One major reason why the fundamentally important issue of climate variability is a belated subject is the lack of long time series of carefully calibrated global data sets. As poignantly pointed out by Rasool (1999), "It is clear that to build a 10- to 20-year history of planetary-scale changes with the needed accuracy to assess the predicted global climate change requires extreme caution. The reason is obvious. The "weather satellites" [NOAA (National Oceanic and Atmospheric Administration) series] that are used to unravel these long-term and highly subtle changes were not designed for this job. They were made to observe the changes in weather patterns from one day to the next, not to monitor climate changes from one year to another. The latter can only be achieved with great difficulty, if at all." If we date the birth of the space age with the launching of the Sputnik in 1957, that is only four decades ago. Within this short period, the bulk of global data sets were collected for the purpose of meteorology, not climatology. This is the ultimate limit that motivates the collection of the next generation of global data by the National Aeronautics and Space Administration's (NASA) Earth Observing System (EOS).

While very few remote sensing instruments are precisely calibrated enough to reveal interannual variations in the cryosphere, we can nevertheless learn from the study of one well calibrated decadal record of the ultraviolet (UV) reflectivity of the Earth taken by the Nimbus-7 Total Ozone Mapping Spectrometer (TOMS).

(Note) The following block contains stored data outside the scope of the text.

lemma sum_covered_count_perms:
  assumes G: "G \<in> regular_graphs n d"
  shows "(\<Sum>\<sigma>\<in>{\<sigma>. \<sigma> permutes {1..n}}. real (covered_count \<sigma> G))
       = fact n * (\<Sum>e\<in>G. real (card (common_nbrs G e)) / (real (card (common_nbrs G e)) + 2))"
proof -
  let ?P = "{\<sigma>. \<sigma> permutes {1..n}}"
  have "finite ?P" by (rule finite_permutations) auto
  have "(\<Sum>\<sigma>\<in>?P. real (covered_count \<sigma> G)) = (\<Sum>\<sigma>\<in>?P. \<Sum>e\<in>G. if covered \<sigma> G e then 1 else 0)"
    unfolding covered_count_def using finite_regular_graph[OF G] by (simp add: sum.inter_filter[symmetric])
  also have "\<dots> = (\<Sum>e\<in>G. \<Sum>\<sigma>\<in>?P. if covered \<sigma> G e then 1 else 0)" by (rule sum.swap)
  also have "\<dots> = (\<Sum>e\<in>G. real (card {\<sigma>. \<sigma> permutes {1..n} \<and> covered \<sigma> G e}))"
    using \<open>finite ?P\<close> by (simp add: sum.inter_filter[symmetric] Collect_conj_eq[symmetric])
  also have "\<dots> = (\<Sum>e\<in>G. fact n * (real (card (common_nbrs G e)) / (real (card (common_nbrs G e)) + 2)))"
  proof (rule sum.cong[OF refl])
    fix e assume "e \<in> G"
    from arg_cong[OF card_perms_covered[OF G this], of real]
    show "real (card {\<sigma>. \<sigma> permutes {1..n} \<and> covered \<sigma> G e})
      = fact n * (real (card (common_nbrs G e)) / (real (card (common_nbrs G e)) + 2))"
      by (simp add: field_simps)
  qed
  also have "\<dots> = fact n * (\<Sum>e\<in>G. real (card (common_nbrs G e)) / (real (card (common_nbrs G e)) + 2))"
    by (simp add: sum_distrib_left)
  finally show ?thesis .
qed

text \<open>Each triangle contains three edges, and the third vertex is a common neighbour of each.\<close>

lemma card_triangles_le_sum_common_nbrs:
  assumes G: "G \<in> regular_graphs n d"
  shows "3 * card (triangles G) \<le> (\<Sum>e\<in>G. card (common_nbrs G e))"
proof -
  let ?S = "Sigma (triangles G) (\<lambda>T. {e. e \<subseteq> T \<and> card e = 2})"
  have fin_common: "finite (common_nbrs G e)" if "e \<in> G" for e
    using common_nbrs_subset[OF G that] by (auto intro: finite_subset)
  have "finite (triangles G)"
    using triangles_subset_Pow[OF G] by (auto intro: finite_subset)
  have card_T: "card T = 3" "finite T" if "T \<in> triangles G" for T
    using that unfolding triangles_def by (auto intro: card_ge_0_finite)
  have "card ?S = (\<Sum>T\<in>triangles G. card {e. e \<subseteq> T \<and> card e = 2})"
    by (rule card_SigmaI) (use \<open>finite (triangles G)\<close> card_T in auto)
  also have "\<dots> = 3 * card (triangles G)"
    by (simp add: n_subsets card_T choose_two)
  finally have card_S: "card ?S = 3 * card (triangles G)" .
  have "?S \<subseteq> (\<lambda>(e,u). (insert u e, e)) ` Sigma G (common_nbrs G)"
  proof
    fix p assume "p \<in> ?S"
    then obtain T e where p: "p = (T,e)" "T \<in> triangles G" "e \<subseteq> T" "card e = 2" by auto
    have edges: "\<And>e'. e' \<subseteq> T \<Longrightarrow> card e' = 2 \<Longrightarrow> e' \<in> G" using p(2) unfolding triangles_def by auto
    have "card (T - e) = 1"
      using card_T[OF p(2)] p(3,4) by (simp add: card_Diff_subset finite_subset)
    then obtain u where u: "T - e = {u}" by (auto simp: card_1_singleton_iff)
    have "u \<in> common_nbrs G e"
      unfolding common_nbrs_def using u p(3) by (auto intro!: edges simp: card_insert_if)
    moreover have "T = insert u e" using u p(3) by auto
    ultimately show "p \<in> (\<lambda>(e,u). (insert u e, e)) ` Sigma G (common_nbrs G)"
      using p edges by (auto intro!: image_eqI[of _ _ "(e,u)"])
  qed
  moreover have "finite (Sigma G (common_nbrs G))"
    using finite_regular_graph[OF G] fin_common by blast
  ultimately have "card ?S \<le> card ((\<lambda>(e,u). (insert u e, e)) ` Sigma G (common_nbrs G))"
    by (intro card_mono finite_imageI)
  also have "\<dots> \<le> card (Sigma G (common_nbrs G))" by (rule card_image_le) fact
  also have "\<dots> = (\<Sum>e\<in>G. card (common_nbrs G e))"
    by (rule card_SigmaI) (use finite_regular_graph[OF G] fin_common in auto)
  finally show ?thesis using card_S by simp
qed
lemma log_negligible_trunc_L_minus_lim_if_ne_one:
  assumes "unit_disc_index ((1, a) # w)" "a \<noteq> 1"
  shows "log_negligible (\<lambda>M. trunc_L ((1, a) # w) M - lim (trunc_L ((1, a) # w)))"
proof -
  have norm_B: "norm (a ^ m / (a - 1)) \<le> 1 / norm (a - 1)" for m
    unfolding norm_divide norm_power using assms(1) by (intro divide_right_mono power_le_one) auto
  have w: "unit_disc_index w"
    using assms(1) by simp
  show ?thesis
  proof (rule log_negligible_dist_lim[OF trunc_L_Cons_one_by_parts[OF assms(2)],
        where C = "4 / norm (a - 1)" and k = "length w"])
    fix M :: nat
    assume "M \<ge> 1"
    have "norm (a ^ (M + 1) / (a - 1) * (trunc_L w (M - 1) / of_nat M))
        = norm (a ^ (M + 1) / (a - 1)) * (norm (trunc_L w (M - 1)) / real M)"
      by (simp only: norm_mult norm_divide norm_of_nat)
    also have "\<dots> \<le> 1 / norm (a - 1) * (harm (M - 1) ^ length w / real M)"
      by (intro mult_mono norm_B divide_right_mono norm_trunc_L_le w) auto
    also have "\<dots> \<le> 1 / norm (a - 1) * (4 * (1 + harm M) ^ length w / real M)"
    proof -
      have "0 \<le> (1 + harm M :: real) ^ length w"
        by (simp add: harm_nonneg add_nonneg_nonneg)
      then show ?thesis
        using harm_power_le[of "M - 1" M "length w"] by (intro mult_left_mono divide_right_mono) auto
    qed
    finally show "norm (a ^ (M + 1) / (a - 1) * (trunc_L w (M - 1) / of_nat M))
        \<le> 4 / norm (a - 1) * (1 + harm M) ^ length w / real M"
      by simp
  next
    fix m :: nat
    assume "m \<ge> 1"
    have "norm (- (a ^ m / (a - 1) * (trunc_L w (m - 1) / of_nat m - trunc_L w (m - 2) / of_nat (m - 1))))
        \<le> 1 / norm (a - 1) * (4 * (1 + harm (m - 1)) ^ length w / (real (m - 1) + 1) ^ 2)"
      unfolding norm_minus_cancel norm_mult
      using norm_trunc_L_div_diff_le[OF w, of "m - 1"] \<open>m \<ge> 1\<close>
      by (intro mult_mono norm_B) (auto simp: numeral_2_eq_2)
    also have "\<dots> = 1 / norm (a - 1) * (4 * (1 + harm (m - 1)) ^ length w / real m ^ 2)"
      using \<open>m \<ge> 1\<close> by (simp add: of_nat_diff)
    also have "\<dots> \<le> 1 / norm (a - 1) * (4 * (1 + harm m) ^ length w / real m ^ 2)"
      by (intro mult_left_mono divide_right_mono mult_left_mono one_plus_harm_power_mono) auto
    finally show "norm (- (a ^ m / (a - 1) * (trunc_L w (m - 1) / of_nat m - trunc_L w (m - 2) / of_nat (m - 1))))
        \<le> 4 / norm (a - 1) * (1 + harm m) ^ length w / real m ^ 2"
      by simp
  qed simp
qed

lemma log_negligible_trunc_L_minus_L_val:
  assumes "unit_disc_index ((s, a) # w)" "(s, a) \<noteq> (1, 1)"
  shows "log_negligible (\<lambda>M. trunc_L ((s, a) # w) M - L_val ((s, a) # w))"
  unfolding L_val_def
proof (cases "s \<ge> 2")
  case True
  then show "log_negligible (\<lambda>M. trunc_L ((s, a) # w) M - lim (trunc_L ((s, a) # w)))"
    by (rule log_negligible_trunc_L_minus_lim_if_two_le[OF assms(1)])
next
  case False
  with assms have "s = 1" "a \<noteq> 1"
    by auto
  with log_negligible_trunc_L_minus_lim_if_ne_one[of a w] assms(1)
  show "log_negligible (\<lambda>M. trunc_L ((s, a) # w) M - lim (trunc_L ((s, a) # w)))"
    by (simp del: trunc_L.simps)
qed

lemma zero_in_CMZV: "0 \<in> CMZV N w"
  unfolding CMZV_def by (intro CollectI exI[of _ "{}"]) auto

lemma L_val_in_CMZV: "cmzv_index N w xs \<Longrightarrow> L_val xs \<in> CMZV N w"
  unfolding CMZV_def by (intro CollectI exI[of _ "{xs}"] exI[of _ "\<lambda>_. 1"]) auto

lemma CMZV_mult_rat:
  assumes "c \<in> CMZV N w"
  shows "of_rat r * c \<in> CMZV N w"
proof -
  obtain S q where S: "finite S" "\<forall>xs\<in>S. cmzv_index N w xs" "c = (\<Sum>xs\<in>S. of_rat (q xs) * L_val xs)"
    using assms unfolding CMZV_def by blast
  have "of_rat r * c = (\<Sum>xs\<in>S. of_rat (r * q xs) * L_val xs)"
    unfolding S(3) by (simp add: sum_distrib_left of_rat_mult mult_ac)
  with S(1,2) show ?thesis
    unfolding CMZV_def by (intro CollectI exI[of _ S] exI[of _ "\<lambda>xs. r * q xs"]) auto
qed

lemma CMZV_add:
  assumes "c \<in> CMZV N w" "c' \<in> CMZV N w"
  shows "c + c' \<in> CMZV N w"
proof -
  obtain S q where S: "finite S" "\<forall>xs\<in>S. cmzv_index N w xs" "c = (\<Sum>xs\<in>S. of_rat (q xs) * L_val xs)"
    using assms(1) unfolding CMZV_def by blast
  obtain S' q' where S': "finite S'" "\<forall>xs\<in>S'. cmzv_index N w xs"
      "c' = (\<Sum>xs\<in>S'. of_rat (q' xs) * L_val xs)"
    using assms(2) unfolding CMZV_def by blast
  define Q where "Q xs = (if xs \<in> S then q xs else 0) + (if xs \<in> S' then q' xs else 0)" for xs
  have "c = (\<Sum>xs\<in>S \<union> S'. of_rat (if xs \<in> S then q xs else 0) * L_val xs)"
    unfolding S(3) using S(1) S'(1) by (intro sum.mono_neutral_cong_left) auto
  moreover have "c' = (\<Sum>xs\<in>S \<union> S'. of_rat (if xs \<in> S' then q' xs else 0) * L_val xs)"
    unfolding S'(3) using S(1) S'(1) by (intro sum.mono_neutral_cong_left) auto
  ultimately have "c + c' = (\<Sum>xs\<in>S \<union> S'. of_rat (Q xs) * L_val xs)"
    by (simp add: Q_def sum.distrib [symmetric] of_rat_add distrib_right)
  with S(1,2) S'(1,2) show ?thesis
    unfolding CMZV_def by (intro CollectI exI[of _ "S \<union> S'"] exI[of _ Q]) auto
qed

definition harm_approx :: "nat \<Rightarrow> complex" where
  "harm_approx M = of_real (ln (real M)) + euler_mascheroni"

lemma abs_harm_minus_ln_le:
  assumes "M \<ge> 1"
  shows "\<bar>harm M - ln (real M) - euler_mascheroni\<bar> \<le> 1 / real M"
proof -
  have "euler_mascheroni \<in> {harm M - ln (real M + 1) + 1 / (2 * (real M + 1)) ..
      harm M - ln (real M + 1) + 1 / (2 * real M)}"
    using euler_mascheroni_bounds[OF assms] by (simp add: inverse_eq_divide add.commute)
  moreover have "0 \<le> ln (real M + 1) - ln (real M)" "ln (real M + 1) - ln (real M) \<le> 1 / real M"
    using assms ln_diff_le_inverse[of "real M"] by auto
  moreover have "0 \<le> 1 / (2 * (real M + 1))" "1 / (2 * real M) \<le> 1 / real M"
    using assms by (auto simp: field_simps)
  ultimately show ?thesis
    unfolding abs_le_iff atLeastAtMost_iff by linarith
qed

The TOMS instrument measured the incoming and the backscattered solar radiance, from which reflectivity was derived [Herman et al., 1991; Brest et al., 1997]. It was largely based on the integrity of this data set that the problem of anthropogenic impact of chlorofluorocarbons (CFCs) was solved and the loop involving hypothesis, modeling, global data, enviromental policy and regulation was successfully closed (WMO, 1999). Nothing is unusual about this data set except for its remarkable precision, which is about 1% per decade. This makes the TOMS data set ideal for tracking interannual variability and trends in surface reflectivity. Recently Kuang and Yung (1999) investigated the interannual variability of the Earth's UV albedo using TOMS (Version 7) monthly average data from 1979 to 1990. The results are summarized in Figure 1. The interannual variability is computed as the standard deviation of the interannual anomaly, which is the residual after the seasonal cycle is removed.

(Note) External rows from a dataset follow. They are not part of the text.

lemma exists_hypergraph_with_degrees_if_core:
  fixes d :: "'a \<Rightarrow> nat"
  assumes "finite V" "k \<ge> 1" "k dvd (\<Sum>v\<in>V. d v)" "q \<le> card V" "\<forall>v\<in>V. d v \<le> D"
    and "q * D \<le> (\<Sum>v\<in>V. d v)" "(\<Sum>v\<in>V. d v) \<le> k * (q choose k)"
  obtains H where "H \<subseteq> k_subsets k V" "\<And>v. v \<in> V \<Longrightarrow> degree H v = d v"
proof -
  obtain Q where Q: "Q \<subseteq> V" "card Q = q" "\<forall>x\<in>Q. \<forall>y\<in>V - Q. d y \<le> d x"
    using exists_top_subset[OF assms(1,4)] by blast
  have "finite Q" using Q(1) assms(1) finite_subset by blast
  obtain m where m: "(\<Sum>v\<in>V. d v) = k * m" using assms(3) by blast
  then have "m \<le> card Q choose k" using assms(2,7) Q(2) by simp
  then obtain H0 where H0: "H0 \<subseteq> k_subsets k Q" "card H0 = m"
    and almost_regular: "\<And>v w. v \<in> Q \<Longrightarrow> w \<in> Q \<Longrightarrow> degree H0 w \<le> degree H0 v + 1"
    using exists_almost_regular[OF \<open>finite Q\<close>] by blast
  have "D \<le> degree H0 v" if "v \<in> Q" for v
  proof (rule ccontr)
    assume "\<not> D \<le> degree H0 v"
    then have "degree H0 v < D" by simp
    then have "\<forall>w\<in>Q. degree H0 w \<le> D"
      using almost_regular[OF that] by (metis Suc_eq_plus1 Suc_leI le_trans)
    then have "(\<Sum>w\<in>Q. degree H0 w) < (\<Sum>w\<in>Q. D)"
      using that \<open>degree H0 v < D\<close> \<open>finite Q\<close> by (intro sum_strict_mono_ex1) auto
    then show False
      using sum_degree[OF \<open>finite Q\<close> H0(1)] H0(2) Q(2) m assms(6) by simp
  qed
  then have inQ: "\<forall>v\<in>Q. d v \<le> degree H0 v" using assms(5) Q(1) le_trans by blast
  have outQ: "\<forall>v\<in>V - Q. degree H0 v \<le> d v" using degree_outside[OF H0(1)] by simp
  have "H0 \<subseteq> k_subsets k V" using H0(1) k_subsets_mono[OF Q(1)] by blast
  moreover have "(\<Sum>v\<in>V. d v) = k * card H0" using m H0(2) by simp
  ultimately show thesis
    using exists_hypergraph_with_degrees[OF assms(1) Q(1) _ _ _ inQ outQ] Q(3) that by blast
qed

There are a number of important conclusions we can draw from Figure 1. First, the largest interannual variability in the tropical Pacific Ocean is due to El Niño, with its characteristic spatial and temporal pattern. Second, the bulk of the oceans has very little variability within the limits of the precision of the data (1%). This is a surprising result in view of the possibly large cloud feedbacks to climate change (IPCC, 1996). Third, the interannual variability on land is dominated by snow/ice. Fourth, in the polar oceans, the interannual variability is mostly due to sea ice. We have checked our results against Nimbus-7 SMMR derived Global Snow Cover and Snow Depth [Chang et al., 1987] and the International Satellite Cloud Climatology Project Cloudiness and Cloud Optical Depth [Rossow and Schiffer,1991]. There is good correlation with the snow/ice data but little correlation with the cloud data. As far as we know, this is the first time a global perspective of the variability of the UV reflectivity of the Earth over decadal time scale has been made. It remains a challenge for the climate models to reproduce this variability.

Perhaps the single most important result from the study of Kuang and Yung (1999) is that the interannual variability of the Earth's albedo (especially in Spring) on land is dominated by snow/ice, and not by clouds. This interannual variability could be the major driver of changes in the atmosphere and the biosphere. It is plausible that the interannual variability of snow/ice, through interactions with the atmosphere and biosphere, is responsible for the interannual variability of atmospheric CO2.

Figure 1. The interannual variability for the Earth’s UV albedo derived from TOMS reflectivity. The interannual variability is computed using the standard deviation of the interannual anomaly data, which is the residue after the seasonal cycle is removed. Data taken from TOMS Version 7 1979-1992.